Here's my Letter to the Editor that the Times elected not to include in their line-up of responses . . . I guess no one likes to think about the economic underpinnings of the anxiety that sends folks to read self-help books . . .
To the Editor:
Steve Salerno rightly points out that much of American self-help culture is a mass deception. ("Self-help's Big Lie," 1/1/06). But his analysis begs the question of why Americans are hooked on self-help. If Americans aren't just gullible or plain stupid, why are they turning to the likes of Tony Robbins, Stephen R. Covey, and the good doctors Phil and Laura?
The answer is simple: faced with declining earning power (real wages are about 20 percent less now than they were in 1972) and unstable, unpredictable employment opportunities—not to mentioning destabilized families and soaring divorce rates—Americans are searching for answers.
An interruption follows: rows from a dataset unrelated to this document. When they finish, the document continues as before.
lemma kme_escape_probability_lower_bound:
  fixes M :: "'w measure" and E :: "'a::euclidean_space set" and z :: "nat \<Rightarrow> 'w \<Rightarrow> 'a"
  assumes M: "prob_space M" and E: "compact E" "convex E" "interior E \<noteq> {}"
    and f_pos: "\<And>x. x \<in> E \<Longrightarrow> 0 < f x" and f_zero: "\<And>x. x \<notin> E \<Longrightarrow> f x = 0"
    and bounded: "weights_bounded W k (x0, w0)" and x0: "\<And>i. i \<in> {1..k} \<Longrightarrow> x0 i \<in> E"
    and indep: "prob_space.indep_vars M (\<lambda>_. borel) z UNIV"
    and distr: "\<And>n. distributed M lborel (z n) (\<lambda>x. ennreal (f x))"
    and j: "j \<in> {1..k}"
  defines "X \<equiv> \<lambda>n \<omega>. fst (kme_state lam k x0 w0 (\<lambda>m. z m \<omega>) n) j"
  shows "\<exists>\<epsilon> c K. 0 < \<epsilon> \<and> 0 < c \<and>
    (\<forall>n. c \<le> measure M {\<omega> \<in> space M. \<exists>m\<le>K. \<epsilon> \<le> dist (X (n + m) \<omega>) (X n \<omega>)})"
proof -
  interpret prob_space M by fact
  obtain \<epsilon> \<delta> \<eta> \<tau> K where esc: "0 < \<epsilon>" "0 < \<delta>" "0 < \<eta>" "\<And>p m. p \<in> E \<Longrightarrow> \<tau> p m \<in> E"
    and escape: "\<And>x0 w0 zs n p. weights_bounded W k (x0, w0) \<Longrightarrow> p \<in> E \<Longrightarrow>
      dist (fst (kme_state lam k x0 w0 zs n) j) p < \<delta> \<Longrightarrow>
      (\<And>m. m < K \<Longrightarrow> dist (zs (n + m)) (\<tau> p m) < \<eta>) \<Longrightarrow>
      \<exists>m\<le>K. \<epsilon> \<le> dist (fst (kme_state lam k x0 w0 zs (n + m)) j) (fst (kme_state lam k x0 w0 zs n) j)"
    by (rule kme_escape_pattern[OF E(2,3) j]) blast
  have [measurable]: "z m \<in> borel_measurable M" for m
    using indep unfolding indep_vars_def by auto
  have [measurable]: "X n \<in> borel_measurable M" for n
    using measurable_kme_state[of n z M lam k x0 w0 j] unfolding X_def by simp
  have same_law: "prob (z m -` B \<inter> space M) = prob (z 0 -` B \<inter> space M)" if "B \<in> sets borel" for m B
    using distributed_emeasure[OF distr[of m], of B] distributed_emeasure[OF distr[of 0], of B] that
    by (simp add: measure_def)
  have closed_E: "closed E"
    using E(1) by (rule compact_imp_closed)
  obtain F where F: "F \<subseteq> E" "finite F" "E \<subseteq> (\<Union>p\<in>F. ball p \<delta>)"
    by (rule compactE_image[OF E(1), of E "\<lambda>p. ball p \<delta>"]) (use esc(2) in auto)
  have "F \<noteq> {}"
    using F(3) E(3) interior_subset by blast
  define Q where "Q p = (\<Prod>m<K. prob (z 0 -` ball (\<tau> p m) \<eta> \<inter> space M))" for p
  have Q_pos: "0 < Q p" if "p \<in> E" for p
    using distributed_ball_pos[OF distr E(2,3) f_pos esc(4)[OF that] esc(3)]
    unfolding Q_def by (intro prod_pos) (simp add: emeasure_eq_measure)
  have cell: "Q p * prob {\<omega> \<in> space M. X n \<omega> \<in> ball p \<delta>}
      \<le> measure M {\<omega> \<in> space M. \<exists>m\<le>K. \<epsilon> \<le> dist (X (n + m) \<omega>) (X n \<omega>)}" if "p \<in> E" for n p
  proof -
    have "Q p * prob {\<omega> \<in> space M. X n \<omega> \<in> ball p \<delta>}
        = prob {\<omega> \<in> space M. X n \<omega> \<in> ball p \<delta> \<and> (\<forall>m<K. z (n + m) \<omega> \<in> ball (\<tau> p m) \<eta>)}"
      using prob_kme_state_and_future[OF indep same_law, of "ball p \<delta>" K "\<lambda>m. ball (\<tau> p m) \<eta>"]
      by (simp add: Q_def X_def mult.commute)
    also have "\<dots> \<le> measure M {\<omega> \<in> space M. \<exists>m\<le>K. \<epsilon> \<le> dist (X (n + m) \<omega>) (X n \<omega>)}"
    proof (rule finite_measure_mono)
      show "{\<omega> \<in> space M. X n \<omega> \<in> ball p \<delta> \<and> (\<forall>m<K. z (n + m) \<omega> \<in> ball (\<tau> p m) \<eta>)}
          \<subseteq> {\<omega> \<in> space M. \<exists>m\<le>K. \<epsilon> \<le> dist (X (n + m) \<omega>) (X n \<omega>)}"
        using escape[OF bounded that] unfolding X_def by (force simp: dist_commute)
    qed measurable
    finally show ?thesis .
  qed
  have covered: "AE \<omega> in M. \<exists>p\<in>F. \<omega> \<in> {\<omega> \<in> space M. X n \<omega> \<in> ball p \<delta>}" for n
  proof -
    have "AE \<omega> in M. z m \<omega> \<in> E" for m
      using distributed_AE_in[OF distr closed_E f_zero] .
    from AE_fst_kme_state_in[OF bounded E(2) x0 this j]
    have "AE \<omega> in M. X n \<omega> \<in> E"
      unfolding X_def .
    with AE_space show ?thesis
      by eventually_elim (use F(3) in blast)
  qed
  have "0 < Min (Q ` F)"
    using F Q_pos \<open>F \<noteq> {}\<close> by (subst Min_gr_iff) auto
  then have "0 < Min (Q ` F) / card F"
    using F(2) \<open>F \<noteq> {}\<close> by (simp add: card_gt_0_iff)
  moreover have "Min (Q ` F) / card F \<le> measure M {\<omega> \<in> space M. \<exists>m\<le>K. \<epsilon> \<le> dist (X (n + m) \<omega>) (X n \<omega>)}" for n
    by (rule prob_ge_Min_div_card[OF F(2) \<open>F \<noteq> {}\<close> _ covered])
      (use F(1) Q_pos cell in \<open>auto intro: less_imp_le\<close>)
  ultimately show ?thesis
    using esc(1) by (intro exI[of _ \<epsilon>] exI[of _ "Min (Q ` F) / card F"] exI[of _ K]) simp
qed
lemma runs_rotate_sorted:
  fixes xs :: "'a::linorder list"
  assumes "sorted xs" and "s \<le> length xs"
    and ascent: "0 < s \<Longrightarrow> s < length xs \<Longrightarrow> xs ! (s - 1) < xs ! s"
  shows "runs (rotate s xs) = card (set xs)"
proof (cases "0 < s \<and> s < length xs")
  case False
  then have "rotate s xs = xs"
    using assms(2) by (cases "s = 0") (auto simp: le_less)
  then show ?thesis using runs_sorted assms(1) by simp
next
  case True
  define ys zs where "ys = take s xs" and "zs = drop s xs"
  have rot: "rotate s xs = zs @ ys" using True by (simp add: rotate_drop_take ys_def zs_def)
  have sep: "y < z" if y: "y \<in> set ys" and z: "z \<in> set zs" for y z
  proof -
    obtain i j where "i < s" "y = xs ! i" "j < length xs - s" "z = xs ! (s + j)"
      using y z True by (auto simp: ys_def zs_def in_set_conv_nth)
    then have "y \<le> xs ! (s - 1)" "xs ! s \<le> z"
      using assms(1) True by (auto intro!: sorted_nth_mono)
    then show ?thesis using ascent True by fastforce
  qed
  have "ys \<noteq> []" "zs \<noteq> []" using True by (auto simp: ys_def zs_def)
  then have "last zs \<noteq> hd ys" using sep[of "hd ys" "last zs"] by auto
  then have "runs (rotate s xs) = runs zs + runs ys" unfolding rot by (rule runs_append)
  also have "\<dots> = card (set zs) + card (set ys)"
    using assms(1) by (simp add: runs_sorted ys_def zs_def sorted_wrt_take sorted_wrt_drop)
  also have "\<dots> = card (set zs \<union> set ys)"
    using sep by (fastforce intro: card_Un_disjoint[symmetric])
  also have "set zs \<union> set ys = set xs"
    unfolding ys_def zs_def by (metis Un_commute append_take_drop_id set_append)
  finally show ?thesis .
qed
Contemporary Americans are not just overworked, they're belabored: they're at work on themselves, struggling to remain not just employed, but ever re-employable; not just married, but also re-marriageable.
Americans turn to self-help culture for advice on how to minimize their economic and interpersonal risks in an increasingly competitive global context. Helping Americans actually minimize these risks is the important work of the sociology, social activism, and social policy that Mr. Salerno so blithely dismisses as "sociological junk food and a culture of victimization."